Control over generation parameters like max_tokens, temperature, and seed.

Optional streaming output for the Text Generation node.

Debug mode for detailed console logging.

Automatic connection to the LM Studio server (no need to specify IP/Port in nodes).

Random List Picker utility node for injecting randomness into prompts — supports weighted items, templates, multi-pick, shuffle, case control, exclusions, and reproducible seeds.

Installation

Navigate to your ComfyUI custom_nodes directory.

Clone this repository:

“`bash

cd /path/to/ComfyUI/custom_nodes

git clone https://github.com/mattjohnpowell/comfyui-lmstudio-nodes.git ComfyExpo-LMStudioNodes

# Using ‘ComfyExpo-LMStudioNodes’ as the directory name to avoid potential conflicts

“`

Install Dependencies: Ensure the lmstudio package is installed in ComfyUI’s Python environment:

“`bash

# Activate your ComfyUI Python environment (if using venv, conda, etc.) first!

pip install lmstudio

“`

Troubleshooting

LM Studio Version Compatibility

If you encounter errors like:

Error processing with LM Studio: Object missing required field 'bosToken' - at '$.promptTemplate.jinjaPromptTemplate'

Other SDK-related errors after upgrading LM Studio

This usually means your LM Studio SDK version is incompatible with your LM Studio version. Solution:

Quick Fix: Run the upgrade helper script:

“`bash

python upgrade_lmstudio.py

“`

Manual Fix: Upgrade the LM Studio SDK:

“`bash

pip install lmstudio –upgrade

“`

Restart ComfyUI completely after upgrading.

Backward Compatibility

The nodes now support backward compatibility with older workflow files that used:

model parameter instead of model_key

ip_address and port parameters for HTTP connections

When old parameters are detected, the nodes will:

Show a deprecation warning

Automatically use the legacy HTTP mode if ip_address and port are provided

Map model parameter to model_key for SDK mode

Recommendation: Update old workflows to use the new SDK-based parameters for better performance and reliability.

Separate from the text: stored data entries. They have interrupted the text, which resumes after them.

lemma at_most_two_infinite_labels:
  assumes "infinite cayley_component" "infinite {x \<in> carrier G. lab x = u}"
    "infinite {x \<in> carrier G. lab x = v}" "infinite {x \<in> carrier G. lab x = w}"
  shows "u = v \<or> u = w \<or> v = w"
proof -
  obtain a b where ab: "finite {x \<in> cayley_component. lab x \<noteq> a \<and> lab x \<noteq> b}"
    using component_two_labels assms(1) by blast
  have "c = a \<or> c = b" if "infinite {x \<in> carrier G. lab x = c}" for c
  proof (rule ccontr)
    assume "\<not> (c = a \<or> c = b)"
    then have "{x \<in> cayley_component. lab x = c} \<subseteq> {x \<in> cayley_component. lab x \<noteq> a \<and> lab x \<noteq> b}"
      by auto
    with ab infinite_label_class_in_component[OF assms(1) that] show False
      using finite_subset by blast
  qed
  with assms(2-4) show ?thesis
    by metis
qed

end

context group
begin

lemma disjoint_NCC_not_two_trivial:
  assumes met: "metric_on (carrier G) d" and prp: "proper_metric (carrier G) d"
    and inv: "left_invariant G d" and not_lf: "\<not> locally_finite_group G"
    and N: "NCC (carrier G) d E1" "NCC (carrier G) d E2" "NCC (carrier G) d E3"
    and disj: "E1 \<inter> E2 = {}" "E1 \<inter> E3 = {}" "E2 \<inter> E3 = {}"
  shows "\<not> (acts_trivially G E1 \<and> acts_trivially G E2)"
proof
  assume triv: "acts_trivially G E1 \<and> acts_trivially G E2"
  obtain F where F: "F \<subseteq> carrier G" "finite F"
    and no_finite: "\<And>H. subgroup H G \<Longrightarrow> F \<subseteq> H \<Longrightarrow> infinite H"
    using not_lf unfolding locally_finite_group_def by blast
  define T where "T = F \<union> (\<lambda>x. inv x) ` F"
  interpret cayley_graph G T
    by unfold_locales (use F in \<open>auto simp: T_def\<close>)
  have E: "E1 \<subseteq> carrier G" "E2 \<subseteq> carrier G" "E3 \<subseteq> carrier G"
    and cc: "coarsely_clopen (carrier G) d E1" "coarsely_clopen (carrier G) d E2"
    using N unfolding NCC_def coarsely_clopen_def by auto
  obtain K1 where K1: "finite K1"
    "\<And>a s. a \<in> carrier G \<Longrightarrow> s \<in> T \<Longrightarrow> a \<notin> K1 \<Longrightarrow> a \<otimes> s \<notin> K1 \<Longrightarrow> a \<otimes> s \<in> E1 \<longleftrightarrow> a \<in> E1"
    using coarsely_clopen_finite_edge_boundary[OF met prp inv cc(1) gens_closed gens_finite] by blast
  obtain K2 where K2: "finite K2"
    "\<And>a s. a \<in> carrier G \<Longrightarrow> s \<in> T \<Longrightarrow> a \<notin> K2 \<Longrightarrow> a \<otimes> s \<notin> K2 \<Longrightarrow> a \<otimes> s \<in> E2 \<longleftrightarrow> a \<in> E2"
    using coarsely_clopen_finite_edge_boundary[OF met prp inv cc(2) gens_closed gens_finite] by blast
  define lab where "lab x = (x \<in> E1, x \<in> E2)" for x
  interpret cayley_labelling G T lab "K1 \<union> K2"
  proof
    show "finite (K1 \<union> K2)"
      using K1(1) K2(1) by simp
  next
    fix a s
    assume "a \<in> carrier G" "s \<in> T" "a \<notin> K1 \<union> K2" "a \<otimes> s \<notin> K1 \<union> K2"
    then show "lab (a \<otimes> s) = lab a"
      using K1(2) K2(2) unfolding lab_def by simp
  next
    fix h
    assume h: "h \<in> carrier G"
    have "{y \<in> carrier G. lab (h \<otimes> y) \<noteq> lab y}
        = {y \<in> carrier G. (h \<otimes> y \<in> E1) \<noteq> (y \<in> E1)} \<union> {y \<in> carrier G. (h \<otimes> y \<in> E2) \<noteq> (y \<in> E2)}"
      unfolding lab_def by auto
    then show "finite {y \<in> carrier G. lab (h \<otimes> y) \<noteq> lab y}"
      using acts_trivially_finite_disagreement triv E h by simp
  qed
  have "infinite cayley_component"
    using no_finite subgroup_cayley_component gens_subset_cayley_component unfolding T_def by blast
  moreover have "E1 \<subseteq> {x \<in> carrier G. lab x = (True, False)}"
    "E2 \<subseteq> {x \<in> carrier G. lab x = (False, True)}"
    "E3 \<subseteq> {x \<in> carrier G. lab x = (False, False)}"
    using E disj unfolding lab_def by auto
  then have "infinite {x \<in> carrier G. lab x = (True, False)}"
    "infinite {x \<in> carrier G. lab x = (False, True)}"
    "infinite {x \<in> carrier G. lab x = (False, False)}"
    using N unfolding NCC_def by (auto dest: finite_subset)
  ultimately show False
    using at_most_two_infinite_labels by blast
qed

*(You might need to use a specific pip command depending on your ComfyUI setup, e.g., for portable builds)*

Restart ComfyUI.

Usage

Add the nodes to your workflow by right-clicking the canvas and searching for their names (e.g., “LM Studio Unified (Expo)”).

LM Studio Unified (Expo)

Handles text-only, image-only, or combined text+image generation.

Inputs:

model_key (STRING, required): The key of the LM Studio model to use (e.g., llama-3.2-1b-instruct or a vision model key). Default: llama-3.2-1b-instruct.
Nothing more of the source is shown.